The shadows deepened and crawled. Nicholas slowed his pace, flexing his frozen fingers. Though slender and slight, he knew how to bring down a man twice his size. Bow Street tutored its constables in the lowest forms of fighting, and more than once Nicholas had had cause to thank his teachers. In the squalid surrounds of the rookeries, the haunt of hundreds if not thousands of thieves, whores, beggars, and the angry dispossessed, life was cheap. It wasn't even worth a ha'penny, and Nicholas valued himself more highly than that.

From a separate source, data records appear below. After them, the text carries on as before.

(* Let $u$ be a vertex of $K$ and $n\in\mathbb N$. The edge-path distance from any boundary vertex of the ball $B(u,n,K)$ to $u$ is either $n$ or $n-1$.
   Context: $K$ is the pentagonal combinatorial tiling: a 2-dimensional CW-complex homeomorphic to the open disk, obtained as follows. The subdivision rule $\omega$ acts on a pentagon with boundary vertices $v_1,\dots,v_5$ in cyclic order (indices mod 5): add a vertex $m_i$ inside each edge $v_iv_{i+1}$, interior vertices $c_1,\dots,c_5$, edges $c_ic_{i+1}$ and $c_im_i$, and replace the face by the central pentagon $c_1\cdots c_5$ and petals $v_i\,m_i\,c_i\,c_{i-1}\,m_{i-1}$. $K_0$ is one pentagon, $K_n=\omega^n(K_0)$, $K_n$ embeds onto the central superpentagon $\omega^n(\text{central face of }\omega(K_0))$ of $K_{n+1}$, and $K$ is the direct limit. Distance between vertices is the length of a shortest edge path. $B(u,n,K)$ is the subcomplex of $K$ consisting of the faces all of whose vertices are at distance at most $n$ from $u$, with their edges and vertices. Its boundary consists of the edges $e$ that lie in a face in the ball and in a face not in the ball, together with their vertices. *)

theory Defs
  imports Main "HOL-Library.FSet"
begin

text \<open>Cor n i is the i-th corner (i < 5) of the n-th superpentagon P_n;
  M {a,b} is the vertex added inside the edge ab; C F i is the interior vertex c_i
  added inside the face F (a face is the cyclic list of its 5 boundary vertices).\<close>
datatype vtx = Cor nat nat | M "vtx fset" | C "vtx list" nat

definition corner_face :: "nat \<Rightarrow> vtx list" where
  "corner_face n = map (Cor n) [0..<5]"

text \<open>Name of the interior vertex c_i of face F.  The only exception is the
  superpentagon P_(n+1), whose central pentagon is named as P_n; this makes the
  embedding of K_n onto the central superpentagon of K_(n+1) a literal inclusion.\<close>
definition cen :: "vtx list \<Rightarrow> nat \<Rightarrow> vtx" where
  "cen F i = (if (\<exists>n. F = corner_face (Suc n))
              then Cor (THE n. F = corner_face (Suc n)) i else C F i)"

definition mid :: "vtx \<Rightarrow> vtx \<Rightarrow> vtx" where
  "mid a b = M {|a, b|}"

text \<open>The subdivision rule omega on one pentagon v_0 ... v_4 (indices mod 5):
  central pentagon c_0 ... c_4 and petals v_i m_i c_i c_(i-1) m_(i-1).\<close>
definition omega_face :: "vtx list \<Rightarrow> vtx list set" where
  "omega_face F =
     {map (cen F) [0..<5]} \<union>
     (\<lambda>i. [F ! i, mid (F ! i) (F ! ((i + 1) mod 5)), cen F i, cen F ((i + 4) mod 5),
           mid (F ! ((i + 4) mod 5)) (F ! i)]) ` {0..<5}"

definition omega :: "vtx list set \<Rightarrow> vtx list set" where
  "omega X = \<Union> (omega_face ` X)"

text \<open>K_n = omega^n (K_0), with K_0 realised as the pentagon P_n.\<close>
definition Kn :: "nat \<Rightarrow> vtx list set" where
  "Kn n = (omega ^^ n) {corner_face n}"

definition Kfaces :: "vtx list set" where
  "Kfaces = (\<Union>n. Kn n)"

definition Kverts :: "vtx set" where
  "Kverts = (\<Union>F\<in>Kfaces. set F)"

definition face_edges :: "vtx list \<Rightarrow> vtx set set" where
  "face_edges F = (\<lambda>i. {F ! i, F ! ((i + 1) mod 5)}) ` {0..<5}"

definition Kedges :: "vtx set set" where
  "Kedges = (\<Union>F\<in>Kfaces. face_edges F)"

definition Kadj :: "vtx \<Rightarrow> vtx \<Rightarrow> bool" where
  "Kadj a b \<longleftrightarrow> a \<noteq> b \<and> {a, b} \<in> Kedges"

definition Kdist :: "vtx \<Rightarrow> vtx \<Rightarrow> nat" where
  "Kdist u v = (LEAST k. (Kadj ^^ k) u v)"

definition ball_faces :: "vtx \<Rightarrow> nat \<Rightarrow> vtx list set" where
  "ball_faces u n = {F \<in> Kfaces. \<forall>v \<in> set F. Kdist u v \<le> n}"

definition ball_boundary_edges :: "vtx \<Rightarrow> nat \<Rightarrow> vtx set set" where
  "ball_boundary_edges u n =
     {e. (\<exists>F \<in> ball_faces u n. e \<in> face_edges F) \<and>
         (\<exists>G \<in> Kfaces - ball_faces u n. e \<in> face_edges G)}"

definition ball_boundary_verts :: "vtx \<Rightarrow> nat \<Rightarrow> vtx set" where
  "ball_boundary_verts u n = \<Union> (ball_boundary_edges u n)"

end

theory Submission
  imports Defs
begin

text \<open>A face G outside the ball has a vertex w with Kdist u w > n. Any two vertices of a
  pentagon are joined by an edge path of length at most 2, so a vertex v shared by G and a
  face of the ball satisfies n - 1 \<le> Kdist u w - 2 \<le> Kdist u v \<le> n.\<close>

lemma length_Kface: "G \<in> Kfaces \<Longrightarrow> length G = 5"
proof -
  assume "G \<in> Kfaces"
  then obtain n where "G \<in> (omega ^^ n) {corner_face n}"
    by (auto simp: Kfaces_def Kn_def)
  then show ?thesis
    by (cases n) (auto simp: corner_face_def omega_def omega_face_def)
qed

lemma face_edge_subset_face: "F \<in> Kfaces \<Longrightarrow> e \<in> face_edges F \<Longrightarrow> e \<subseteq> set F"
  using length_Kface[of F] by (auto simp: face_edges_def)

lemma Kadj_sym: "Kadj a b \<Longrightarrow> Kadj b a"
  by (auto simp: Kadj_def insert_commute)

lemma relpowp_sym:
  assumes "\<And>a b. R a b \<Longrightarrow> R b a"
  shows "(R ^^ k) a b \<Longrightarrow> (R ^^ k) b a"
proof (induction k arbitrary: b)
  case 0
  then show ?case by simp
next
  case (Suc k)
  then obtain c where "(R ^^ k) a c" "R c b" by (auto elim: relpowp_Suc_E)
  with Suc.IH assms show ?case by (blast intro: relpowp_Suc_I2)
qed

lemma relpowp_le_2_of_reflcl:
  assumes "R\<^sup>=\<^sup>= a c" "R\<^sup>=\<^sup>= c b"
  shows "\<exists>j\<le>2. (R ^^ j) a b"
proof -
  have "\<exists>j\<le>1. (R ^^ j) x y" if "R\<^sup>=\<^sup>= x y" for x y
    using that
  proof (elim sup2E)
    assume "R x y"
    then have "(R ^^ 1) x y" by (metis relpowp_1)
    then show ?thesis by blast
  qed (auto intro: relpowp_0_I)
  then obtain j k where "j \<le> 1" "(R ^^ j) a c" "k \<le> 1" "(R ^^ k) c b"
    using assms by blast
  then have "(R ^^ (j + k)) a b" "j + k \<le> 2"
    by (auto intro: relpowp_trans)
  then show ?thesis by blast
qed

lemma Kadj_reflcl_face_succ:
  assumes "G \<in> Kfaces" "i < 5"
  shows "Kadj\<^sup>=\<^sup>= (G ! i) (G ! ((i + 1) mod 5))"
proof -
  have "{G ! i, G ! ((i + 1) mod 5)} \<in> face_edges G"
    unfolding face_edges_def using assms(2) by (intro image_eqI[where x = i]) simp_all
  then have "{G ! i, G ! ((i + 1) mod 5)} \<in> Kedges"
    unfolding Kedges_def using assms(1) by (rule UN_I[rotated])
  then show ?thesis by (simp add: Kadj_def)
qed

lemma cyclic_index_within_two_steps:
  fixes i j :: nat
  assumes "i < 5" "j < 5"
  shows "j = i \<or> j = (i + 1) mod 5 \<or> j = ((i + 1) mod 5 + 1) mod 5 \<or>
    i = (j + 1) mod 5 \<or> i = ((j + 1) mod 5 + 1) mod 5"
proof -
  have "i \<in> {0, 1, 2, 3, 4}" "j \<in> {0, 1, 2, 3, 4}"
    using assms by auto
  then show ?thesis by auto
qed

lemma face_vertices_two_steps:
  assumes G: "G \<in> Kfaces" and "a \<in> set G" "b \<in> set G"
  shows "\<exists>c. Kadj\<^sup>=\<^sup>= a c \<and> Kadj\<^sup>=\<^sup>= c b"
proof -
  have len: "length G = 5" using length_Kface G by blast
  obtain i j where ij: "i < 5" "j < 5" "a = G ! i" "b = G ! j"
    using assms(2,3) len by (metis in_set_conv_nth)
  let ?succ = "\<lambda>k. (k + 1) mod 5"
  have succ: "Kadj\<^sup>=\<^sup>= (G ! k) (G ! ?succ k)" "Kadj\<^sup>=\<^sup>= (G ! ?succ k) (G ! k)" if "k < 5" for k
    using Kadj_reflcl_face_succ[OF G that] Kadj_sym by auto
  have succ_less: "?succ k < 5" for k :: nat by simp
  have "j = i \<or> j = ?succ i \<or> j = ?succ (?succ i) \<or> i = ?succ j \<or> i = ?succ (?succ j)"
    using cyclic_index_within_two_steps[OF ij(1,2)] .
  then show ?thesis
  proof (elim disjE)
    assume "j = i"
    then show ?thesis using ij by (intro exI[of _ a]) simp
  next
    assume "j = ?succ i"
    then show ?thesis using ij succ(1)[OF ij(1)] by (intro exI[of _ b]) simp
  next
    assume "j = ?succ (?succ i)"
    then show ?thesis
      using ij succ(1)[OF ij(1)] succ(1)[OF succ_less] by (intro exI[of _ "G ! ?succ i"]) simp
  next
    assume "i = ?succ j"
    then show ?thesis using ij succ(2)[OF ij(2)] by (intro exI[of _ a]) simp
  next
    assume "i = ?succ (?succ j)"
    then show ?thesis
      using ij succ(2)[OF ij(2)] succ(2)[OF succ_less] by (intro exI[of _ "G ! ?succ j"]) simp
  qed
qed

text \<open>If v is unreachable from u then so is w, and both distances are the same junk value
  LEAST k. False.\<close>

lemma Kdist_le_add_path:
  assumes "(Kadj ^^ j) v w"
  shows "Kdist u w \<le> Kdist u v + j"
proof (cases "\<exists>k. (Kadj ^^ k) u v")
  case True
  then have "(Kadj ^^ Kdist u v) u v"
    unfolding Kdist_def by (rule LeastI_ex)
  then have "(Kadj ^^ (Kdist u v + j)) u w"
    using assms by (rule relpowp_trans)
  then show ?thesis
    unfolding Kdist_def by (rule Least_le)
next
  case False
  have "\<not> (Kadj ^^ k) u w" for k
    using False relpowp_trans[OF _ relpowp_sym[OF Kadj_sym assms]] by blast
  with False show ?thesis
    by (simp add: Kdist_def)
qed

lemma Kdist_face_le:
  assumes "G \<in> Kfaces" "v \<in> set G" "w \<in> set G"
  shows "Kdist u w \<le> Kdist u v + 2"
proof -
  obtain c where "Kadj\<^sup>=\<^sup>= v c" "Kadj\<^sup>=\<^sup>= c w"
    using face_vertices_two_steps[OF assms] by blast
  then obtain j where "j \<le> 2" "(Kadj ^^ j) v w"
    using relpowp_le_2_of_reflcl[of Kadj v c w] by blast
  then show ?thesis
    using Kdist_le_add_path[of j v w u] by linarith
qed

theorem mainTheorem17:
  fixes u v :: vtx and n :: nat
  assumes "u \<in> Kverts"
    and "v \<in> ball_boundary_verts u n"
  shows "Kdist u v = n \<or> Kdist u v + 1 = n"
proof -
  obtain e F G where "v \<in> e" and F: "F \<in> ball_faces u n" "e \<in> face_edges F"
    and G: "G \<in> Kfaces" "G \<notin> ball_faces u n" "e \<in> face_edges G"
    using assms(2) by (auto simp: ball_boundary_verts_def ball_boundary_edges_def)
  have "v \<in> set F" "v \<in> set G"
    using \<open>v \<in> e\<close> face_edge_subset_face F G by (auto simp: ball_faces_def)
  then have inside: "Kdist u v \<le> n"
    using F(1) by (auto simp: ball_faces_def)
  obtain w where "w \<in> set G" "n < Kdist u w"
    using G(1,2) by (auto simp: ball_faces_def not_le)
  moreover have "Kdist u w \<le> Kdist u v + 2"
    using Kdist_face_le G(1) \<open>v \<in> set G\<close> \<open>w \<in> set G\<close> by blast
  ultimately show ?thesis
    using inside by linarith
qed

end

The blackened tenements rose tall on either side. Few windows showed even a crack of light, but from behind the blank facades came sounds of life and violence. Nicholas paused to listen to the course of an argument, voices rising and falling, the crash of bottle-glass and the heavy thud of a body against wooden shutters. A baby wailed; a woman screamed. Outside, in sharp response, dogs barked. Just another night in the rookery. Nicholas moved on.

He glanced up as he walked. Through the churning fog he caught glimpses of one of the Health Board's dirigibles, its fragile skin silvery in the searchlights and lashed around with thick black ropes. In more affluent parts of London, the dirigibles pumped out hot air to force the thick, green-tinged fog to lift and dissipate. Over the rookeries, the airships were less numerous and sprayed a dry ice mixture into the fog, encouraging rainfall. The idea was to sluice out the filth of the poorest parts of the capital; Crown-controlled rains washing the waste into great drains that emptied into the Thames estuary.

A marvellous idea in principle, but difficult to work in practice. The hot air pumps worked only sporadically, while the dry ice spray resulted in almost day after day of unrelenting rain across the whole of London. People spoke of it as the year without summer, and Nicholas couldn't remember the last time he'd seen the sun.